Friday's day session gets underway with mixed expectations.
After a mostly softer night trade, grains went out with a mixed morning close. Some of today’s trade will be positioning ahead of the next two weeks, with possible short-covering developing in soybeans and wheat. Corn is maintaining its strength on the week as ethanol margins remain near five-year averages. Also Ukraine exports are slowing, with loadings for December at 360,000 MTs for wheat.
The U.S. continues to make daily flash sales, and China is quickly closing in on its 12 million metric ton soybean purchase target. At the current buying pace, that threshold could be reached within just a few weeks. What’s more intriguing is China’s recent surge in corn and wheat imports, which comes despite official claims of a bumper domestic grain crop. This uptick in demand is likely tied to ongoing disruptions in Black Sea exports, and we’re now seeing more imports arriving via the Pacific Northwest as buyers seek to secure supplies.

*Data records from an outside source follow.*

theorem lemma4p2:
  fixes n :: nat and \<rho> m :: real
  assumes "n \<ge> 2" and "\<rho> > 0"
  shows "mahler_measure
           (\<lambda>z. \<Sum>k = 0..n-1. of_real (1 / real (k + 1) * real ((n - 1) choose k))
                                 * (z * of_real (\<rho> powr (1 - m))) ^ k)
         = 1 / real n * \<rho> powr ((1 - m) * real (n - 1)) *
           (\<Prod>k \<in> {k. 1 \<le> k \<and> k \<le> n - 1 \<and>
                         \<rho> powr (m - 1) * (2 * sin (pi * real k / real n)) \<ge> 1}.
              \<rho> powr (m - 1) * (2 * sin (pi * real k / real n)))"
proof -
  have n: "n > 0" using assms(1) by simp
  define c where "c = \<rho> powr (1 - m)"
  have c: "c > 0" "\<rho> powr (m - 1) = 1 / c"
    using assms(2) by (simp_all add: c_def powr_minus_divide[symmetric])
  define x where "x k = \<rho> powr (m - 1) * (2 * sin (pi * real k / real n))" for k
  have norm_root: "cmod ((cis (2 * pi * real k / real n) - 1) / of_real c) = x k"
    if "k \<in> {1..n-1}" for k
  proof -
    have "sin (pi * real k / real n) \<ge> 0"
      using that n by (intro sin_ge_zero) (auto simp: field_simps)
    then show ?thesis
      using norm_cis_minus_one[of "pi * real k / real n"] c by (simp add: x_def norm_divide mult_ac)
  qed
  have "mahler_measure (\<lambda>z. \<Sum>k = 0..n-1. of_real (1 / real (k + 1) * real ((n - 1) choose k))
                                 * (z * of_real c) ^ k)
      = c ^ (n - 1) / real n * (\<Prod>k = 1..n-1. max 1 (x k))"
    using c n norm_root
    by (subst mahler_measure_linear_factors[OF _ _ binomial_sum_div_Suc_scaled_eq_prod])
       (auto simp: norm_divide norm_power)
  also have "(\<Prod>k = 1..n-1. max 1 (x k)) = (\<Prod>k \<in> {k \<in> {1..n-1}. 1 \<le> x k}. x k)"
    by (rule prod_max_one_eq_prod_filter) simp
  also have "{k \<in> {1..n-1}. 1 \<le> x k} = {k. 1 \<le> k \<and> k \<le> n - 1 \<and> 1 \<le> x k}"
    by auto
  also have "c ^ (n - 1) = \<rho> powr ((1 - m) * real (n - 1))"
    using assms(2) by (simp add: c_def powr_power mult.commute)
  finally show ?thesis by (simp add: c_def x_def)
qed

end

The EPA forwarded its final Clean Fuel Production tax credit, which is the 45Z proposal, they have given it to the White House for review. There are expectations that we could see the release of the guidance before the end of the year. Meanwhile, the EPA’s biofuel blend targets will remain available until sometime in the first 90 days of 2026.
This afternoon, the Commitment of Traders report will have us updated through December 9. It’s thought that the soybean position is liquidated down to 130,000 contracts or less.
South American weather remains mostly favorable for crops, but there are growing signs of a developing La Niña, which could alter conditions later in the season. This may show up in Argentina as we enter January. Meanwhile, outside markets are relatively quiet, offering little influence on the agricultural sector at this time.
Yesterday’s cattle trade softened early with a mild recovery off of early session lows occurring late in the day. Deliveries of over 20 contracts tendered from Nebraska kicked off the selling early in the morning. Yesterday’s cash feeder index showed a gain of $0.26 at $350.05. The negotiated fed cattle trade started on Thursday, with trade in the north picking up $1-4 on the dressed side at $3 and 55-358. The South remained untraded, but we saw some cattle move in Nebraska and Texas at 227-228, $2-3 lower than last week.
This afternoon, the December COF report is released at 2:00 p.m. CT, and average estimates have marketing at 88%, placements at 92%, and the December 1 feedlot inventory at 98% of a year ago. Feeder cattle hit critical support yesterday at 331-332, which needs to hold; otherwise, something concerning is developing on the Mexican border that would push it to such discounts relative to the current cash index. Keep in mind that March feeder cattle are not cash-settled until 100 days from now. Yesterday marked the second 2-day correction since bottoming in late November, and buying needs to resurface today, which is typical in a strong uptrend.